Currently, the criteria must uniquely identify one record in the specified custom object. You can provide up-to the current limit of custom object fields as the criteria, using a comma to separate the field/value pairs.

Example:

objectLookup(“myObject”, “price__c”, [

  “color__c” = “red”,
  “type__c” = 12,
  “level__c” = fieldLookup(“usage”,“my_level__c”)
])

This example returns the value in the "pricer__c" field of the "myObject" custom object, based on the three attribute criteria. Note the use of constant values "red" and 12. The last attribute is dynamically looked up based on data provided on the usage record.
 
usageQuantity(<argument>) Returns the quantity on the usage record. This function can contain an optional argument.
  • <none>: Returns the quantity on the current usage record being rated.
  • RUNNING: Returns the sum of the quantity for the usage records already rated. This running total is exclusive of the current usage record.
  • TOTAL: Returns the sum of the quantities for the usage records already rated plus the current usage record being rated. 
The quantity totals will reflect all the usage records being considered for this charge and a date range. The date range is usually the billing period of the charge, unless changes we made to the charge via an Amendment or an Order. Examples:
  • 1.5 * usageQuantity()
    This example returns 1.5 times the quantity on the current usage record..
  • min(100, usageQuantity(RUNNING) + usageQuantity())
    This example returns the lowest value of 100 or the total usage rated so far..
  • min(100, usageQuantity(TOTAL))
    This example the same value as the previous example.

effectiveDate(<objectLookup>, "<effectiveDateField>")

effectiveDate(<objectLookup>, "<effectiveDateField>", <effectiveDate>)

Adds effective date semantics to the <objectLookup> function.

This function is intended for use in custom object lookups where you provide the name of an additional field on the custom object (<effectiveDateField>). The indicated custom object'seffectiveDateField field should contain a date value, for example, 2019-01-23, that indicates when that record becomes effective. 

The record with a date closest, but earlier than or equal to the effective date value, is used.
The first form will use the start date of the usage record to compare with the <effectiveDateField>.

The second form allows the use of a value or function that returns a date or date string (in format yyyy-mm-dd) and uses that instead of the usage record's start date in the comparison.

Examples:

  • effectiveDate(objectLookup("pricecatalog__c","output__c", ["field1__c"="gold status"]),"catalog_date__c" )

This example compares the start date of the usage record to the "catalog_date__c" field on the custom object record, to find the appropriate row.

  • effectiveDate(objectLookup("pricecatalog__c", "output__c", ["field1__c"="gold status"]),"catalog_date__c", '2019-06-20' ) 

This example ignores the start date of the usage to rate, and all usage for this subscription uses pricing as of June 20, 2019 in the custom object.

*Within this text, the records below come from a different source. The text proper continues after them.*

lemma tensor_op_centroid_derivation:
  assumes g: "g \<in> centroid sA mA" and d: "d \<in> derivations sS (*)"
  shows "tensor_op sT tn g d \<in> derivations sT mT"
proof -
  have "mA (g a) b = mA a (g b)" for a b using centroidD(2,3)[OF g] by metis
  then show ?thesis
    using tensor_op[OF centroidD(1)[OF g] derivationD(1)[OF d]] centroidD(2)[OF g]
    by (intro derivation_if_on_tensors) (simp_all add: mT_tn derivationD(2)[OF d] tn_simps mult_ac)
qed

lemma tensor_op_centroid_derivation_tn_1:
  assumes "g \<in> centroid sA mA" "d \<in> derivations sS (*)"
  shows "tensor_op sT tn g d (tn a 1) = 0"
  using tensor_op_tn[OF centroidD(1)[OF assms(1)] derivationD(1)[OF assms(2)]]
    derivation_one[OF assms(2)] by (simp add: tn_simps)

lemma fam_summable_if_on_tensors:
  assumes lin: "\<And>i. i \<in> I \<Longrightarrow> Vector_Spaces.linear sT sT (F i)"
    and fin: "\<And>a s. finite {i\<in>I. F i (tn a s) \<noteq> 0}"
  shows "fam_summable I F"
  unfolding fam_summable_def
proof
  fix t show "finite {i \<in> I. F i t \<noteq> 0}"
  proof (induction t rule: tensor_induct)
    case (add x y)
    have "{i \<in> I. F i (x + y) \<noteq> 0} \<subseteq> {i \<in> I. F i x \<noteq> 0} \<union> {i \<in> I. F i y \<noteq> 0}"
      by (auto simp: vs_linearD(1)[OF lin])
    then show ?case using add by (auto intro: finite_subset)
  next
    case (scale c x)
    have "{i \<in> I. F i (sT c x) \<noteq> 0} \<subseteq> {i \<in> I. F i x \<noteq> 0}"
      by (auto simp: vs_linearD(2)[OF lin])
    then show ?case using scale by (auto intro: finite_subset)
  qed (simp_all add: fin vs_linearD(3)[OF lin] cong: conj_cong)
qed

text \<open>Since \<open>tn a s = idL s (tn a 1)\<close>, the tensors \<open>tn a 1\<close> generate \<open>T\<close> as a module over the \<open>idL s\<close>.\<close>

lemma eq_zero_if_commute_idL:
  assumes X: "Vector_Spaces.linear sT sT X" and comm: "\<And>s t. X (idL s t) = idL s (X t)"
    and z: "\<And>a. X (tn a 1) = 0"
  shows "X = 0"
  unfolding zero_fun_def
proof (rule linear_eq_on_tensors[OF X vs_linear_zero[OF vT.vector_space_axioms vT.vector_space_axioms]])
  fix a s
  have "X (tn a s) = X (idL s (tn a 1))" by (simp add: idL_tn)
  also have "\<dots> = 0" by (simp add: comm z vs_linearD[OF idL_linear])
  finally show "X (tn a s) = 0" .
qed

section \<open>Decomposing derivations of the tensor product\<close>

abbreviation DA_tensor_S :: "('t \<Rightarrow> 't) set" where
  "DA_tensor_S \<equiv> left_tensor sT tn (derivations sA mA) (range (\<lambda>s. (*) s))"

abbreviation CA_tensor_DS :: "('a \<Rightarrow> 'a) set \<Rightarrow> ('t \<Rightarrow> 't) set" where
  "CA_tensor_DS B \<equiv> right_tensor sT tn B (derivations sS (*))"

lemma fam_sum_tensor_op_mult:
  assumes f: "\<And>i. i \<in> I \<Longrightarrow> f i \<in> derivations sA mA" and sm: "fam_summable I f"
  shows "fam_sum I (\<lambda>i. tensor_op sT tn (f i) ((*) (\<sigma> i))) \<in> derivations sT mT"
    and "fam_sum I (\<lambda>i. tensor_op sT tn (f i) ((*) (\<sigma> i))) (idL s t) =
      idL s (fam_sum I (\<lambda>i. tensor_op sT tn (f i) ((*) (\<sigma> i))) t)"
proof -
  note T = tensor_op[OF derivationD(1)[OF f] mult_linear]
  have smF: "fam_summable I (\<lambda>i. tensor_op sT tn (f i) ((*) (\<sigma> i)))"
  proof (rule fam_summable_if_on_tensors)
    fix a s
    have "{i \<in> I. tensor_op sT tn (f i) ((*) (\<sigma> i)) (tn a s) \<noteq> 0} \<subseteq> {i \<in> I. f i a \<noteq> 0}"
      by (auto simp: T(2) tn_simps)
    then show "finite {i \<in> I. tensor_op sT tn (f i) ((*) (\<sigma> i)) (tn a s) \<noteq> 0}"
      using sm unfolding fam_summable_def by (auto intro: finite_subset)
  qed (rule T(1))
  show "fam_sum I (\<lambda>i. tensor_op sT tn (f i) ((*) (\<sigma> i))) \<in> derivations sT mT"
    by (rule fam_sum_derivation[OF T_alg _ smF]) (rule tensor_op_derivation_mult[OF f])
  show "fam_sum I (\<lambda>i. tensor_op sT tn (f i) ((*) (\<sigma> i))) (idL s t) =
      idL s (fam_sum I (\<lambda>i. tensor_op sT tn (f i) ((*) (\<sigma> i))) t)"
    by (rule fam_sum_commute[OF idL_linear _ smF])
      (rule tensor_op_mult_commute_idL[OF derivationD(1)[OF f]])
qed
lemma W_Suc_le:
  assumes \<rho>1: "\<rho> < 1" and "k \<ge> 1" and \<delta>: "\<delta> > 0"
  shows "W (Suc k) \<le> (1 + \<delta>) * ((1 - 1 / dualfl_t \<rho> k) * W k + real N * ((1 + 1 / \<delta>) * \<epsilon> k))"
proof -
  obtain k' where k: "k = Suc k'" using \<open>k \<ge> 1\<close> by (cases k) auto
  define \<beta> where "\<beta> = dualfl_beta \<rho> k'"
  have \<rho>': "0 \<le> \<rho>" "\<rho> \<le> 1" using \<rho> \<rho>1 by auto
  have \<xi>_Suc: "\<xi> (Suc k) j = ((1 + \<beta>) *\<^sub>R \<xi> k j - \<beta> *\<^sub>R \<xi> k' j)
      + \<nu> *\<^sub>R ((1 + \<beta>) *\<^sub>R \<theta> k - \<beta> *\<^sub>R \<theta> k') - \<nu> *\<^sub>R \<theta>loc j (Suc k)" if "j < N" for j
    using \<nu>_\<zeta>_Suc[OF that, of k'] unfolding k \<beta>_def by (simp add: \<xi>_def algebra_simps)
  have sum_\<theta>: "(\<Sum>j<N. \<theta>loc j (Suc k)) = real N *\<^sub>R \<theta> (Suc k)" using N by (simp add: \<theta>_def)
  have "0 \<le> real N * \<nu> / 2 * (norm (\<theta> (Suc k) - \<theta>star))\<^sup>2" using \<nu> by simp
  then have gap: "F (Suc k) - Fs \<ge> 0" using F_minus_Fs_ge[of "Suc k"] by linarith
  have "F (Suc k) - Fs + 1 / (2 * \<nu> * (1 - \<rho>)) * U (Suc k) / (dualfl_t \<rho> k)\<^sup>2
      \<le> (1 + \<delta>) * ((1 - 1 / dualfl_t \<rho> k) * (F k - Fs + 1 / (2 * \<nu> * (1 - \<rho>)) * U k / (dualfl_t \<rho> k')\<^sup>2)
        + real N * ((1 + 1 / \<delta>) * \<epsilon> k))"
    using dualfl_lyapunov_step[OF N \<nu>(1) \<rho>(1) \<rho>1 dualfl_t_ge_1[OF \<rho>'] dualfl_t_ge_1[OF \<rho>']
        dualfl_t_contraction(1)[OF \<rho>'] dualfl_t_Suc_sq \<beta>_def[unfolded dualfl_beta_def] \<delta> refl
        \<xi>_Suc[unfolded k] sum_\<theta>[unfolded k] \<xi>_sum \<xi>s_sum \<xi>_sum
        \<Psi>_three_point[OF \<rho>1 \<open>k \<ge> 1\<close> \<delta>, unfolded k] gap[unfolded F_def Fs_def k]]
    unfolding F_def Fs_def U_def k diff_Suc_1 .
  then show ?thesis unfolding W_def k diff_Suc_1 .
qed

text \<open>
  The perturbation weights \<open>\<delta>\<^sub>k = \<sigma>^(k+1)\<close> are summable, and since \<open>(1 + \<gamma>) \<sigma> > 1\<close> the
  error \<open>(1 + \<delta>\<^sub>k)(1 + 1/\<delta>\<^sub>k) N \<epsilon>(k) \<le> 4 N \<epsilon>(k) / \<delta>\<^sub>k\<close> still decays geometrically, with
  ratio \<open>q (1 - \<surd>\<rho>)\<close>.
\<close>
definition "\<sigma> = (2 + \<gamma>) / (2 + 2 * \<gamma>)"
definition "q = 2 / (2 + \<gamma>)"

lemma \<sigma>: "0 < \<sigma>" "\<sigma> < 1" using \<gamma> by (auto simp: \<sigma>_def field_simps)
lemma q: "0 < q" "q < 1" using \<gamma> by (auto simp: q_def field_simps)

lemma perturbation_error_le:
  assumes "\<rho> \<le> 1"
  shows "(1 + \<sigma> ^ Suc k) * (real N * ((1 + 1 / \<sigma> ^ Suc k) * \<epsilon> (Suc k)))
    \<le> 4 * ((1 - sqrt \<rho>) * q) ^ Suc k"
proof -
  define d where "d = \<sigma> ^ Suc k"
  define r where "r = 1 - sqrt \<rho>"
  have "0 \<le> r" using assms \<rho> by (simp add: r_def)
  have d: "0 < d" "d \<le> 1" unfolding d_def using \<sigma> by (auto intro!: power_le_one simp del: power_Suc)
  have \<sigma>_rescaled: "(1 + \<gamma>) * \<sigma> = (2 + \<gamma>) / 2" using \<gamma> by (simp add: \<sigma>_def field_simps)
  have err: "real N * \<epsilon> (Suc k) = (r / (1 + \<gamma>)) ^ Suc k" using N by (simp add: \<epsilon>_def r_def)
  have "(1 + d) * (1 + d) \<le> 2 * 2" using d by (intro mult_mono) auto
  moreover have "(1 + d) * (1 + 1 / d) = (1 + d) * (1 + d) / d" using d by (simp add: field_simps)
  ultimately have "(1 + d) * (1 + 1 / d) \<le> 4 / d" using d by (simp add: divide_right_mono)
  moreover have "0 \<le> real N * \<epsilon> (Suc k)" unfolding err using \<open>0 \<le> r\<close> \<gamma> by simp
  ultimately have "(1 + d) * (real N * ((1 + 1 / d) * \<epsilon> (Suc k))) \<le> 4 / d * (r / (1 + \<gamma>)) ^ Suc k"
    using mult_right_mono unfolding err[symmetric] by (fastforce simp: mult_ac)
  also have "4 / d * (r / (1 + \<gamma>)) ^ Suc k = 4 * (r / ((1 + \<gamma>) * \<sigma>)) ^ Suc k"
    using \<sigma> by (simp add: d_def power_divide power_mult_distrib)
  also have "r / ((1 + \<gamma>) * \<sigma>) = r * q" unfolding \<sigma>_rescaled using \<gamma> by (simp add: q_def field_simps)
  finally show ?thesis unfolding d_def r_def .
qed
lemma raising_lowering_eq_0_imp_eq_0:
  assumes p: "in_weight_space n w p" and "2 * w d < n" and "raising d (lowering d p) = 0"
  shows "p = 0"
proof (rule ccontr)
  assume "p \<noteq> 0"
  define h :: int where "h = int n - 2 * int (w d)"
  have "0 = fischer n (raising d (lowering d p)) p"
    unfolding \<open>raising d (lowering d p) = 0\<close> fischer_def by simp
  also have "\<dots> = fischer n (lowering d (raising d p)) p + of_int h * fischer n p p"
    unfolding raising_lowering_eq[OF p] h_def by (simp add: fischer_add_left fischer_cscale_left)
  also have "fischer n (lowering d (raising d p)) p = fischer n (raising d p) (raising d p)"
    by (rule polar_sum_adjoint) (simp add: coord_low_high(4)[symmetric])
  finally have "Re 0 = Re (fischer n (raising d p) (raising d p) + of_int h * fischer n p p)"
    by (rule arg_cong)
  then have "0 = Re (fischer n (raising d p) (raising d p)) + real_of_int h * Re (fischer n p p)"
    by simp
  moreover have "0 < real_of_int h * Re (fischer n p p)"
    using \<open>2 * w d < n\<close> Re_fischer_self_pos[OF p \<open>p \<noteq> 0\<close>] by (simp add: h_def)
  ultimately show False using Re_fischer_self_nonneg[of n "raising d p"] by linarith
qed

section \<open>Removing one raising operator\<close>

lemma raising_mem_hwv_wrt:
  assumes "d \<notin> D" "p \<in> hwv_wrt n w D"
  shows "raising d p \<in> hwv_wrt n (w(d := w d - 1)) D"
proof -
  have "raising d' (raising d p) = 0" if "d' \<in> D" for d'
    using assms that raising_commute[of d d' p] by (auto simp: hwv_wrt_def polar_sum_zero)
  then show ?thesis
    using assms(2) in_weight_space_raising by (simp add: hwv_wrt_def)
qed

lemma lowering_mem_hwv_wrt:
  assumes "d \<notin> D" "1 \<le> w d" "p \<in> hwv_wrt n (w(d := w d - 1)) D"
  shows "lowering d p \<in> hwv_wrt n w D"
proof -
  have "raising d' (lowering d p) = 0" if "d' \<in> D" for d'
    using assms that raising_lowering_commute[of d d' p] by (auto simp: hwv_wrt_def polar_sum_zero)
  moreover have "(w(d := w d - 1))(d := (w(d := w d - 1)) d + 1) = w"
    using assms(2) by (auto simp: fun_eq_iff)
  ultimately show ?thesis
    using assms(3) in_weight_space_lowering[of n "w(d := w d - 1)" p d] by (simp add: hwv_wrt_def)
qed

firstValue(<argument1>, <argument2>, …) Returns the first non-empty value from the arguments. Arguments might be a string, number, or any supported function.
This function supports 2 or more arguments.

Examples:

  • firstValue( fieldLookup("usage", "preratedAmount__c"), 20.50)  

This example returns the default value of 20.50 if the usage record does not have a defined pre-rated amount.

  • usageQuantity() * firstValue(objectLookup("myCarObj", "outputField__c",  ["make" = fieldLookup("usage", "make__c"), "model" = fieldLookup("usage", "model__c")]),              objectLookup("myRegionObj", "outputField__c", ["region" = fieldLookup("usage","region__c")]), 0.10)  

This example first attempts a lookup of the make and model, then a lookup of the region, and finally falls back to a hard-coded default value of 0.10.